What is consciousness?

This is one of those Sunday ponders to twist your noodle in a knot.  Science, and especially physics, will never find the Grand Unified Theory of Everything until it can come up with a formula that explains how atoms, molecules and chemical soups can generate a very simple statement: I am.

For all our self-congratulatory technology, our robots and computers and kitchen appliances, we can't create one fundamental thing: self-awareness.  Oh sure, we can teach machines to run and dance and hold conversations that seem spontaneous, but at the very foundation of these creations, there is nothing by algorithms and calculations.  We can simulate consciousness to varying degrees of eye-poppingness, but ultimately, we can't cause it.

The basic problem is our understanding of the Universe.  We like to strut around talking about quantum mechanics and string theories, but in reality we always bump into, what we used to call in fortran programming, do-loops.  All our efforts end up chasing their own tails, with things like 'black holes' resulting from mathematical dead-ends, where math fails and all the rules get thrown out the window.

Nowhere in all our wizardry does the math reach a point where the individual pops into existence.  And here's the real noodle bake...is everything we think we know being created by our own expectations of finding it?  In other words, did we find the Higgs boson because we created the environment in which it could exist?

Here's the fundamental problem with current particle physics.  We calculate that a certain particle must exist in order for the solutions to be valid.  We set up experiments to find those things.  Thus, we have created the things by establishing the right environment for them to be found.  In other words, these are completely reflexive exercises.

Another example is the periodic table.  In nature, we only find elements up to uranium.  After that, they are all man-made, and most don't exist for more than a millisecond or two before crumbling into more mundane pieces.  Everything from #93 to #120 (and beyond) is simply us tinkering with what is, not finding some aspect of reality.

Another problem with things like CERN and other particle smashers is that we are artificially creating things that are not found by themselves in Nature.  It's as if we are accelerating two panes of glass to near the speed of light and then smashing them into each other.  Then we pick up the pieces and try to extrapolate the whys and wherefores of how the glass was made and what purpose it served by sifting through the pieces.  Are we really finding things that are there, or are we creating them in an artificial environment that doesn't exist in the 'wild'?
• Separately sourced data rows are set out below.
lemma branching_process_extinction_certain:
  assumes bp: "branching_process v P Z" and s: "0 \<le> s" and x: "0 < x"
    and small: "\<And>e. 0 < e \<Longrightarrow> \<exists>u\<ge>s. \<forall>\<theta>>0. Re (v s u (of_real \<theta>)) \<le> e"
  shows "measure (P s (ennreal x)) {\<omega>\<in>space (P s (ennreal x)). extinction_time Z s \<omega> < \<infinity>} = 1"
proof -
  define M where "M = P s (ennreal x)"
  interpret M: prob_space M unfolding M_def by (rule branching_process_prob_space[OF bp])
  define E where "E = {\<omega>\<in>space M. extinction_time Z s \<omega> < \<infinity>}"
  note event = branching_process_extinction_event[OF bp s, where x = "ennreal x"]
  have bound: "exp (- x * e) \<le> measure M E" if e: "0 < e" for e
  proof -
    obtain u where u: "s \<le> u" "\<forall>\<theta>>0. Re (v s u (of_real \<theta>)) \<le> e" using small[OF e] by blast
    have "ennreal (exp (- x * e)) \<le> emeasure M {\<omega>\<in>space M. Z u \<omega> = 0}"
      unfolding M_def using u(2) by (intro branching_process_zero_prob_ge[OF bp s u(1) x]) auto
    also have "\<dots> \<le> emeasure M E"
      unfolding M_def E_def by (rule emeasure_mono[OF event(2)[OF u(1)] event(1)])
    finally show ?thesis using M.emeasure_eq_measure[of E] by simp
  qed
  have "1 \<le> measure M E"
  proof (rule tendsto_upperbound)
    show "((\<lambda>e. exp (- x * e)) \<longlongrightarrow> 1) (at_right 0)"
      by (auto intro!: tendsto_eq_intros)
    show "eventually (\<lambda>e. exp (- x * e) \<le> measure M E) (at_right 0)"
      using bound by (auto simp: eventually_at_right_field intro!: exI[of _ 1])
  qed simp
  then show ?thesis using M.prob_le_1[of E] unfolding E_def M_def by simp
qed

theorem mainTheorem11:
  fixes v :: "real \<Rightarrow> real \<Rightarrow> complex \<Rightarrow> complex"
    and \<phi> :: "complex \<Rightarrow> real \<Rightarrow> complex"
  assumes "abs_cont_rev_evol_family v"
    and "\<forall>s t. 0 \<le> s \<and> s \<le> t \<longrightarrow> in_BF0 (v s t)"
    and "assoc_herglotz_vf v \<phi>"
    and "(\<integral>\<^sup>+ t\<in>{0..}. ennreal (phi2_inf \<phi> t) \<partial>lborel) = \<infinity>"
  shows "(\<forall>s\<ge>0. ((\<lambda>t. v_inf v s t) \<longlongrightarrow> 0) at_top) \<and>
    (\<forall>(P :: real \<Rightarrow> ennreal \<Rightarrow> 'w measure) Z. branching_process v P Z \<longrightarrow>
       (\<forall>s\<ge>0. \<forall>x::real>0.
          measure (P s (ennreal x)) {\<omega>\<in>space (P s (ennreal x)). extinction_time Z s \<omega> < \<infinity>} = 1))"
proof -
  interpret BF0_evolution v \<phi> using assms(1-3) by unfold_locales auto
  have small: "\<exists>u\<ge>s. \<forall>\<theta>>0. Re (v s u (of_real \<theta>)) \<le> e" if s: "0 \<le> s" and e: "0 < e" for s e
  proof -
    obtain U where "\<And>T \<theta>. U \<le> T \<Longrightarrow> 0 < \<theta> \<Longrightarrow> vr s T \<theta> \<le> e"
      using vr_eventually_small[OF assms(4) s e] by blast
    then show ?thesis unfolding real_trace_def by (intro exI[of _ "max U s"]) auto
  qed
  show ?thesis
  proof (intro conjI allI impI)
    fix s :: real assume "0 \<le> s"
    then show "((\<lambda>t. v_inf v s t) \<longlongrightarrow> 0) at_top" by (rule v_inf_tendsto_zero[OF assms(4)])
  next
    fix P :: "real \<Rightarrow> ennreal \<Rightarrow> 'w measure" and Z and s x :: real
    assume "branching_process v P Z" "0 \<le> s" "0 < x"
    then show "measure (P s (ennreal x)) {\<omega>\<in>space (P s (ennreal x)). extinction_time Z s \<omega> < \<infinity>} = 1"
      using small[OF \<open>0 \<le> s\<close>] by (rule branching_process_extinction_certain)
  qed
qed

end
According to some theories of the Universe, we will ultimately build a telescope so powerful that we will eventually see the back of our head.  In the other direction, we will finally find that the most minute processes of the Universe are little more than fractal echoes of the macro world.  Ultimately, we are looking in the wrong places for the wrong things, because none of what we have or will find answers the basic question at the heart of all science...who am I?
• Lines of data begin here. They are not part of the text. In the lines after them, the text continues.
lemma square_mult_assoc:
  "(A :: 'a :: semiring_0 mat) \<in> carrier_mat N N \<Longrightarrow> B \<in> carrier_mat N N \<Longrightarrow> C \<in> carrier_mat N N \<Longrightarrow>
   (A * B) * C = A * (B * C)"
  by (rule assoc_mult_mat)

lemma index_mult_square_mat:
  "A \<in> carrier_mat N N \<Longrightarrow> B \<in> carrier_mat N N \<Longrightarrow> x < N \<Longrightarrow> y < N \<Longrightarrow>
   (A * B) $$ (x, y) = (\<Sum>z<N. A $$ (x, z) * B $$ (z, y))"
  by (simp add: scalar_prod_def atLeast0LessThan)

lemma foldr_mult_carrier:
  "(\<And>j. j \<in> set js \<Longrightarrow> F j \<in> carrier_mat N N) \<Longrightarrow>
   foldr (*) (map F js) (1\<^sub>m N) \<in> carrier_mat N N"
  for F :: "_ \<Rightarrow> 'a :: semiring_1 mat"
  by (induction js) auto

lemma foldr_mult_one_mat: "foldr (*) (map (\<lambda>j. 1\<^sub>m N) js) (1\<^sub>m N) = (1\<^sub>m N :: 'a :: semiring_1 mat)"
  by (induction js) auto

lemma foldr_mult_smult:
  fixes F :: "'j \<Rightarrow> 'a :: comm_ring_1 mat"
  assumes "distinct js" "\<And>j. j \<in> set js \<Longrightarrow> F j \<in> carrier_mat N N"
  shows "foldr (*) (map (\<lambda>j. c j \<cdot>\<^sub>m F j) js) (1\<^sub>m N) = (\<Prod>j\<in>set js. c j) \<cdot>\<^sub>m foldr (*) (map F js) (1\<^sub>m N)"
  using assms
proof (induction js)
  case (Cons j js)
  then have "foldr (*) (map F js) (1\<^sub>m N) \<in> carrier_mat N N" "F j \<in> carrier_mat N N"
    by (auto intro!: foldr_mult_carrier)
  with Cons show ?case
    by (simp add: smult_smult_mat square_smult_mult[where N=N] square_mult_smult[where N=N] mult.commute)
qed simp

definition mat_sum :: "nat \<Rightarrow> ('b \<Rightarrow> 'a :: comm_ring_1 mat) \<Rightarrow> 'b set \<Rightarrow> 'a mat" where
  "mat_sum N F A = mat N N (\<lambda>(a, b). \<Sum>x\<in>A. F x $$ (a, b))"

lemma mat_sum_carrier [simp]: "mat_sum N F A \<in> carrier_mat N N"
  unfolding mat_sum_def by simp

lemma dim_mat_sum [simp]: "dim_row (mat_sum N F A) = N" "dim_col (mat_sum N F A) = N"
  unfolding mat_sum_def by auto

lemma index_mat_sum: "a < N \<Longrightarrow> b < N \<Longrightarrow> mat_sum N F A $$ (a, b) = (\<Sum>x\<in>A. F x $$ (a, b))"
  unfolding mat_sum_def by simp

lemma mat_sum_cong: "(\<And>x. x \<in> A \<Longrightarrow> F x = G x) \<Longrightarrow> mat_sum N F A = mat_sum N G A"
  unfolding mat_sum_def by (auto intro!: cong_mat sum.cong)

lemma mat_sum_singleton: "F x \<in> carrier_mat N N \<Longrightarrow> mat_sum N F {x} = F x"
  unfolding mat_sum_def by (rule eq_matI) auto

lemma mat_sum_reindex: "inj_on h A \<Longrightarrow> mat_sum N F (h ` A) = mat_sum N (\<lambda>x. F (h x)) A"
  unfolding mat_sum_def by (rule cong_mat) (auto simp: sum.reindex)

lemma mat_sum_Sigma: "mat_sum N (\<lambda>x. mat_sum N (G x) B) A = mat_sum N (\<lambda>(x, y). G x y) (A \<times> B)"
  unfolding mat_sum_def by (rule cong_mat) (auto simp: sum.cartesian_product split_beta)

lemma mat_sum_swap: "mat_sum N (\<lambda>x. mat_sum N (H x) B) A = mat_sum N (\<lambda>y. mat_sum N (\<lambda>x. H x y) A) B"
  unfolding mat_sum_def by (rule eq_matI) (auto intro: sum.swap)

lemma mat_sum_add:
  assumes "\<And>x. x \<in> A \<Longrightarrow> F x \<in> carrier_mat N N" "\<And>x. x \<in> A \<Longrightarrow> G x \<in> carrier_mat N N"
  shows "mat_sum N (\<lambda>x. F x + G x) A = mat_sum N F A + mat_sum N G A"
proof -
  have "dim_row (G x) = N" "dim_col (G x) = N" if "x \<in> A" for x
    using assms that by auto
  then show ?thesis by (intro eq_matI) (auto simp: index_mat_sum sum.distrib intro!: sum.cong)
qed

lemma mat_sum_smult:
  assumes "\<And>x. x \<in> A \<Longrightarrow> F x \<in> carrier_mat N N"
  shows "mat_sum N (\<lambda>x. c \<cdot>\<^sub>m F x) A = c \<cdot>\<^sub>m mat_sum N F A"
proof -
  have "dim_row (F x) = N" "dim_col (F x) = N" if "x \<in> A" for x
    using assms that by auto
  then show ?thesis by (intro eq_matI) (auto simp: index_mat_sum sum_distrib_left intro!: sum.cong)
qed

lemma mat_sum_smult_const: "B \<in> carrier_mat N N \<Longrightarrow> mat_sum N (\<lambda>x. c x \<cdot>\<^sub>m B) A = (\<Sum>x\<in>A. c x) \<cdot>\<^sub>m B"
  unfolding mat_sum_def by (rule eq_matI) (auto simp: sum_distrib_right)

lemma mat_sum_single_nonzero:
  assumes "finite A" "x\<^sub>0 \<in> A" "\<And>x. x \<in> A \<Longrightarrow> x \<noteq> x\<^sub>0 \<Longrightarrow> w x = 0"
    and "\<And>x. x \<in> A \<Longrightarrow> F x \<in> carrier_mat N N"
  shows "mat_sum N (\<lambda>x. w x \<cdot>\<^sub>m F x) A = w x\<^sub>0 \<cdot>\<^sub>m F x\<^sub>0"
proof (rule eq_matI)
  have dims: "dim_row (F x) = N" "dim_col (F x) = N" if "x \<in> A" for x
    using assms that by auto
  fix i j assume "i < dim_row (w x\<^sub>0 \<cdot>\<^sub>m F x\<^sub>0)" "j < dim_col (w x\<^sub>0 \<cdot>\<^sub>m F x\<^sub>0)"
  then have "i < N" "j < N" using dims assms(2) by auto
  then show "mat_sum N (\<lambda>x. w x \<cdot>\<^sub>m F x) A $$ (i, j) = (w x\<^sub>0 \<cdot>\<^sub>m F x\<^sub>0) $$ (i, j)"
    using assms dims by (simp add: index_mat_sum sum.remove[of A x\<^sub>0] sum.neutral)
qed (use assms in auto)

lemma mat_sum_mult_left:
  assumes B: "B \<in> carrier_mat N N" and F: "\<And>x. x \<in> A \<Longrightarrow> F x \<in> carrier_mat N N"
  shows "B * mat_sum N F A = mat_sum N (\<lambda>x. B * F x) A"
proof (rule eq_matI)
  fix i j assume "i < dim_row (mat_sum N (\<lambda>x. B * F x) A)" "j < dim_col (mat_sum N (\<lambda>x. B * F x) A)"
  then have i: "i < N" and j: "j < N" by auto
  have "(B * mat_sum N F A) $$ (i, j) = (\<Sum>z<N. B $$ (i, z) * (\<Sum>x\<in>A. F x $$ (z, j)))"
    using index_mult_square_mat[OF B mat_sum_carrier i j] by (simp add: index_mat_sum j)
  also have "\<dots> = (\<Sum>x\<in>A. (B * F x) $$ (i, j))"
    by (simp add: sum_distrib_left sum.swap[of _ A] index_mult_square_mat[OF B F i j])
  finally show "(B * mat_sum N F A) $$ (i, j) = mat_sum N (\<lambda>x. B * F x) A $$ (i, j)"
    by (simp add: index_mat_sum i j)
qed (use B in auto)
When Moses asked the Burning Bush, "Who is it that I should tell them sent me?"  The Voice responded, "Ahjeh asher ahyeh."  I am who I am, tell them "I am" sent you.  Basically, Moses was talking to himself, for if we repeat the phrase, either to ourself or to others, we are saying that "I am" is the penultimate meaning and force of Creation.  In other words, we come full circle back to our own consciousness and our understanding of our individual place in the Universe.

All of the machines and computations and sub-atomic particles and proto-galaxies mean absolutely nothing until we can answer one simple question, "Who is 'I am'?"  Until we can answer with certainty what it is that causes us to be able to look at ourselves and call ourselves 'individual', then all the rest is just icing with no cake.
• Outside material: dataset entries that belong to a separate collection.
lemma primroot_half_power_cong:
  assumes p: "prime p" "p > 2" and g: "residue_primroot p g"
  shows "[int g ^ ((p - 1) div 2) = -1] (mod int p)"
proof -
  have ord: "ord p g = p - 1" and "coprime p g"
    using g p by (auto simp: residue_primroot_def totient_prime)
  then have "g > 0" using p by (intro Nat.gr0I) auto
  define h where "h = int g ^ ((p - 1) div 2)"
  have "h * h = int g ^ ((p - 1) div 2 + (p - 1) div 2)" by (simp add: h_def power_add)
  also have "(p - 1) div 2 + (p - 1) div 2 = p - 1" using prime_odd_nat[OF p] by presburger
  also have "[int g ^ (p - 1) = int 1] (mod int p)"
    unfolding of_nat_power[symmetric] cong_int_iff using ord_works[of g p] ord by simp
  finally have "[h = 1] (mod int p) \<or> [h = -1] (mod int p)"
    using p \<open>g > 0\<close> by (intro cong_square) (auto simp: h_def)
  moreover have "\<not> [h = 1] (mod int p)"
  proof
    assume "[h = 1] (mod int p)"
    then have "[g ^ ((p - 1) div 2) = 1] (mod p)"
      by (simp add: h_def flip: cong_int_iff)
    then have "p - 1 dvd (p - 1) div 2" by (simp only: ord_divides ord)
    then have "p - 1 \<le> (p - 1) div 2" using p by (intro dvd_imp_le) auto
    then show False using p by presburger
  qed
  ultimately show ?thesis by (simp add: h_def)
qed

lemma Legendre_primroot_power:
  assumes p: "prime p" "p > 2" and g: "residue_primroot p g"
  shows "Legendre (int g ^ k) (int p) = (-1) ^ k"
proof -
  have "[Legendre (int g ^ k) (int p) = (int g ^ k) ^ ((p - 1) div 2)] (mod int p)"
    by (rule euler_criterion[OF p])
  also have "(int g ^ k) ^ ((p - 1) div 2) = (int g ^ ((p - 1) div 2)) ^ k"
    by (simp add: power_mult[symmetric] mult.commute)
  also have "[\<dots> = (-1) ^ k] (mod int p)"
    by (intro cong_pow primroot_half_power_cong[OF p g])
  finally have cong: "[Legendre (int g ^ k) (int p) = (-1) ^ k] (mod int p)" .
  have "coprime (int p) (int g ^ k)" using g by (simp add: residue_primroot_def)
  have "\<not> int p dvd int g ^ k"
  proof
    assume "int p dvd int g ^ k"
    with \<open>coprime (int p) (int g ^ k)\<close> have "is_unit (int p)" using coprime_absorb_left by blast
    then show False using p by simp
  qed
  then have "\<not> [int g ^ k = 0] (mod int p)" by (simp add: cong_0_iff)
  then have "Legendre (int g ^ k) (int p) \<in> {1, -1}" by (auto simp: Legendre_def)
  moreover have "(-1 :: int) ^ k \<in> {1, -1}" by (cases "even k") auto
  moreover have "\<not> [1 = -1] (mod int p)" using p by (auto simp: cong_iff_dvd_diff zdvd_not_zless)
  ultimately show ?thesis using cong by (auto simp: cong_sym_eq)
qed

text \<open>Multiplication by a power of a primitive root is conjugate, via discrete logarithms, to a
  rotation of \<open>{..<p - 1}\<close>.\<close>
lemma sign_scale_mod_primroot_power:
  assumes p: "prime p" "odd p" and g: "residue_primroot p g" and c: "[c = g ^ k] (mod p)"
  shows "sign (scale_mod p c) = (-1) ^ k"
proof -
  have p1: "p > 1" using p prime_gt_1_nat by blast
  define e where "e i = g ^ i mod p" for i
  have bij: "bij_betw e {..<p - 1} {0<..<p}"
    using residue_primroot_is_generator[OF p1 g] p by (simp add: e_def[abs_def] totient_prime totatives_prime)
  have "ord p g = p - 1" "coprime p g"
    using g p by (auto simp: residue_primroot_def totient_prime)
  then have e_mod: "e (x mod (p - 1)) = e x" for x
    unfolding e_def cong_def[symmetric] order_divides_expdiff[OF \<open>coprime p g\<close>]
    by (simp add: \<open>ord p g = p - 1\<close> cong_def)
  have "sign (scale_mod p c) = sign (shift_mod (p - 1) k)"
  proof (rule conjugate_permutation(2)[OF shift_mod_permutes _ bij_betw_imp_inj_on[OF bij]])
    show "scale_mod p c (e x) = e (shift_mod (p - 1) k x)" if "x \<in> {..<p - 1}" for x
    proof -
      have "[c * g ^ x = g ^ (x + k)] (mod p)"
        using cong_scalar_right[OF c, of "g ^ x"] by (simp add: power_add mult.commute)
      then have "scale_mod p c (e x) = e (x + k)"
        using p1 by (simp add: scale_mod_def e_def cong_def mod_mult_right_eq)
      then show ?thesis using that e_mod[of "x + k"] by (simp add: shift_mod_def)
    qed
    show "scale_mod p c y = y" if "y \<notin> e ` {..<p - 1}" for y
      using that bij_betw_imp_surj_on[OF bij] by (cases "y = 0") (auto simp: scale_mod_def)
  qed simp
  also have "\<dots> = (-1) ^ k"
    using p p1 by (simp add: sign_shift_mod power_mult)
  finally show ?thesis .
qed

lemma sign_scale_mod_prime:
  assumes p: "prime p" "odd p" and c: "coprime c p"
  shows "sign (scale_mod p c) = Legendre (int c) (int p)"
proof -
  have p2: "p > 2" using p prime_ge_2_nat[of p] by (cases "p = 2") auto
  obtain g where g: "residue_primroot p g" using prime_primitive_root_exists[of p] p prime_gt_1_nat by blast
  have "\<not> p dvd c" using c p by (meson coprime_absorb_right not_prime_unit)
  then have "c mod p \<in> totatives p"
    using p prime_gt_0_nat[of p] by (auto simp: totatives_prime intro: Nat.gr0I)
  then obtain k where "c mod p = g ^ k mod p"
    using residue_primroot_is_generator[OF _ g] p2 by (force simp: bij_betw_def)
  then have ck: "[c = g ^ k] (mod p)" by (simp add: cong_def)
  then have "[int c = int g ^ k] (mod int p)" by (simp add: cong_int_iff flip: of_nat_power)
  then have "Legendre (int c) (int p) = Legendre (int g ^ k) (int p)" by (rule Legendre_cong)
  then show ?thesis
    using sign_scale_mod_primroot_power[OF p g ck] Legendre_primroot_power[OF p(1) p2 g] by simp
qed

lemma digits_eq_iff:
  fixes m :: nat
  assumes "x < m" "x' < m"
  shows "x + m * r = x' + m * r' \<longleftrightarrow> x = x' \<and> r = r'"
proof
  assume eq: "x + m * r = x' + m * r'"
  have "(x + m * r) mod m = (x' + m * r') mod m" "(x + m * r) div m = (x' + m * r') div m"
    by (simp_all only: eq)
  then show "x = x' \<and> r = r'" using assms by simp
qed simp

lemma digits_cover:
  fixes m :: nat
  assumes "y < m * q"
  shows "y = y mod m + m * (y div m)" "y mod m < m" "y div m < q"
proof -
  have "m > 0" using assms by (intro Nat.gr0I) simp
  then show "y = y mod m + m * (y div m)" "y mod m < m" "y div m < q"
    using assms by (simp_all add: less_mult_imp_div_less mult.commute)
qed

lemma digits_less:
  fixes m :: nat
  assumes "x < m" "r < q"
  shows "x + m * r < m * q"
proof -
  have "x + m * r < m * (r + 1)" using assms by simp
  also have "\<dots> \<le> m * q" using assms by (intro mult_le_mono2) auto
  finally show ?thesis .
qed

text \<open>Writing \<open>x = i + m * r\<close> with \<open>i < m\<close> and \<open>r < q\<close>, multiplication by \<open>c\<close> modulo \<open>m * q\<close>
  first replaces the high digit \<open>r\<close> by \<open>(c * r + c * i div m) mod q\<close> and then the low digit \<open>i\<close>
  by \<open>c * i mod m\<close>.\<close>
definition scale_high :: "nat \<Rightarrow> nat \<Rightarrow> nat \<Rightarrow> nat \<Rightarrow> nat" where
  "scale_high m q c x = (if x < m * q then x mod m + m * ((c * (x div m) + c * (x mod m) div m) mod q) else x)"

definition scale_low :: "nat \<Rightarrow> nat \<Rightarrow> nat \<Rightarrow> nat \<Rightarrow> nat" where
  "scale_low m q c x = (if x < m * q then (c * (x mod m)) mod m + m * (x div m) else x)"

lemma scale_mod_mult_modulus: "scale_mod (m * q) c = scale_low m q c \<circ> scale_high m q c"
proof
  fix x show "scale_mod (m * q) c x = (scale_low m q c \<circ> scale_high m q c) x"
  proof (cases "x < m * q")
    case True
    define i r where "i = x mod m" and "r = x div m"
    have i: "i < m" and r: "r < q" and x: "x = i + m * r"
      using digits_cover[of x m q] True by (simp_all add: i_def r_def)
    define r' where "r' = (c * r + c * i div m) mod q"
    have "r' < q" using r by (simp add: r'_def)
    have "scale_low m q c (scale_high m q c x) = (c * i) mod m + m * r'"
      using True digits_less[OF i \<open>r' < q\<close>] i by (simp add: scale_high_def scale_low_def i_def r_def r'_def)
    moreover have "scale_mod (m * q) c x = (c * i) mod m + m * r'"
    proof -
      have "scale_mod (m * q) c x = m * ((c * x) div m mod q) + (c * x) mod m"
        using True by (simp add: scale_mod_def mod_mult2_eq)
      also have "c * x = c * i + m * (c * r)" by (simp add: x algebra_simps)
      finally show ?thesis using i by (simp add: r'_def)
    qed
    ultimately show ?thesis by simp
  qed (simp add: scale_mod_def scale_high_def scale_low_def)
qed

lemma sign_scale_low:
  assumes "coprime c m"
  shows "permutation (scale_low m q c) \<and> sign (scale_low m q c) = sign (scale_mod m c) ^ q"
proof -
  have "permutation (scale_low m q c) \<and> sign (scale_low m q c) = (\<Prod>r<q. sign (scale_mod m c))"
  proof (rule sign_blockwise[where e = "\<lambda>r x. x + m * r" and p = "\<lambda>_. scale_mod m c"])
    show "inj_on (\<lambda>(r, x). x + m * r) ({..<q} \<times> {..<m})"
      by (auto simp: inj_on_def digits_eq_iff)
    show "scale_low m q c (x + m * r) = scale_mod m c x + m * r" if "r < q" "x \<in> {..<m}" for r x
      using that digits_less[of x m r q] by (simp add: scale_low_def scale_mod_def)
    show "scale_low m q c y = y" if "y \<notin> (\<lambda>(r, x). x + m * r) ` ({..<q} \<times> {..<m})" for y
      using that digits_cover[of y m q] by (force simp: scale_low_def)
  qed (use scale_mod_permutes[OF assms] in auto)
  then show ?thesis by simp
qed

text \<open>For a fixed low digit, \<open>scale_high\<close> acts on the high digit by an affine map modulo the odd
  number \<open>q\<close>, whose sign is that of its linear part.\<close>
lemma sign_scale_high:
  assumes q: "odd q" and c: "coprime c q"
  shows "permutation (scale_high m q c) \<and> sign (scale_high m q c) = sign (scale_mod q c) ^ m"
proof -
  have "permutation (scale_mod q c)"
    by (rule permutes_imp_permutation[OF _ scale_mod_permutes[OF c]]) simp
  then have affine: "sign (shift_mod q d \<circ> scale_mod q c) = sign (scale_mod q c)" for d
    by (simp add: sign_compose[OF permutation_shift_mod] sign_shift_mod_odd[OF q])
  have "permutation (scale_high m q c) \<and>
      sign (scale_high m q c) = (\<Prod>i<m. sign (shift_mod q (c * i div m) \<circ> scale_mod q c))"
  proof (rule sign_blockwise[where e = "\<lambda>i r. i + m * r"
        and p = "\<lambda>i. shift_mod q (c * i div m) \<circ> scale_mod q c"])
    show "inj_on (\<lambda>(i, r). i + m * r) ({..<m} \<times> {..<q})"
      by (auto simp: inj_on_def digits_eq_iff)
    show "scale_high m q c (i + m * r) = i + m * (shift_mod q (c * i div m) \<circ> scale_mod q c) r"
      if "i < m" "r \<in> {..<q}" for i r
      using that digits_less[of i m r q]
      by (simp add: scale_high_def shift_mod_def scale_mod_def mod_add_left_eq)
    show "scale_high m q c y = y" if "y \<notin> (\<lambda>(i, r). i + m * r) ` ({..<m} \<times> {..<q})" for y
      using that digits_cover[of y m q] by (force simp: scale_high_def)
  qed (use scale_mod_permutes[OF c] shift_mod_permutes in \<open>auto intro: permutes_compose\<close>)
  then show ?thesis by (simp add: affine)
qed

lemma sign_scale_mod_mult_modulus:
  assumes "odd q" "coprime c (m * q)"
  shows "sign (scale_mod (m * q) c) = sign (scale_mod m c) ^ q * sign (scale_mod q c) ^ m"
  using sign_scale_low[of c m q] sign_scale_high[of q c m] assms
  by (simp add: scale_mod_mult_modulus sign_compose)

lemma Jacobi_eq_prod_mset: "Jacobi a n = (\<Prod>p\<in>#prime_factorization n. Legendre a (int p))"
  unfolding Jacobi_def image_prod_mset_multiplicity
  by (intro prod.cong refl) (simp add: count_prime_factorization_prime in_prime_factors_imp_prime)

lemma Jacobi_prime_mult:
  assumes "prime p" "m > 0"
  shows "Jacobi a (p * m) = Legendre a (int p) * Jacobi a m"
  using assms by (simp add: Jacobi_eq_prod_mset prime_factorization_times_prime)

lemma Jacobi_cong:
  assumes "[x = y] (mod int n)"
  shows "Jacobi x n = Jacobi y n"
  unfolding Jacobi_def
proof (rule prod.cong[OF refl])
  fix p assume "p \<in> prime_factors n"
  then have "[x = y] (mod int p)" using assms cong_dvd_modulus by fastforce
  then show "Legendre x (int p) ^ multiplicity p n = Legendre y (int p) ^ multiplicity p n"
    by (simp add: Legendre_cong)
qed

lemma Jacobi_eq_0:
  assumes "prime p" "p dvd n" "n > 0" "int p dvd x"
  shows "Jacobi x n = 0"
proof -
  have "p \<in># prime_factorization n" using assms by (auto simp: in_prime_factors_iff)
  moreover have "Legendre x (int p) = 0" using assms(4) by (simp add: Legendre_def cong_0_iff)
  ultimately show ?thesis unfolding Jacobi_eq_prod_mset by auto
qed

theorem sign_scale_mod_eq_Jacobi:
  assumes "odd n" "coprime c n"
  shows "sign (scale_mod n c) = Jacobi (int c) n"
  using assms
proof (induction n rule: less_induct)
  case (less n)
  show ?case
  proof (cases "n = 1")
    case True
    then have "scale_mod n c = id" by (auto simp: scale_mod_def fun_eq_iff)
    then show ?thesis using True by (simp add: Jacobi_def)
  next
    case False
    then obtain p m where p: "prime p" and n: "n = p * m"
      using prime_factor_nat by (metis dvdE)
    have "m > 0" "odd m" "odd p" "coprime c m" "coprime c p"
      using less.prems n by (auto intro: odd_pos)
    moreover have "m < n" using n \<open>m > 0\<close> prime_gt_1_nat[OF p] by simp
    moreover have "sign f ^ k = sign f" if "odd k" for f :: "nat \<Rightarrow> nat" and k :: nat
      using that by (simp add: sign_def)
    ultimately have "sign (scale_mod n c) = sign (scale_mod m c) * sign (scale_mod p c)"
      using sign_scale_mod_mult_modulus[of p c m] less.prems n by (simp add: mult.commute)
    also have "\<dots> = Jacobi (int c) m * Legendre (int c) (int p)"
      using less.IH \<open>m < n\<close> \<open>odd m\<close> \<open>coprime c m\<close> sign_scale_mod_prime[OF p] \<open>odd p\<close> \<open>coprime c p\<close>
      by simp
    finally show ?thesis using Jacobi_prime_mult[OF p \<open>m > 0\<close>] n by simp
  qed
qed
Once we understand consciousness, all the rest will fall into place.  Bigger, better telescopes won't find it.  More powerful microscopes won't find it.  More massive particle smashers won't uncover it.  These efforts will always end up back where we started with n/0, a mathematical absurdity...a 'black hole'.

There is a logic to all of this.  We sense it from the moment we can say, "I am."  We know there is a reason and structure to everything around us, but we can't put our finger on it.  We have come upon a puzzle with infinite pieces and we are smashing it to bits trying to figure how and why it made a picture when it was all assembled.  It's a futile, empty exercise whose results are always more pieces, but still no understanding of how they all came together in the first place.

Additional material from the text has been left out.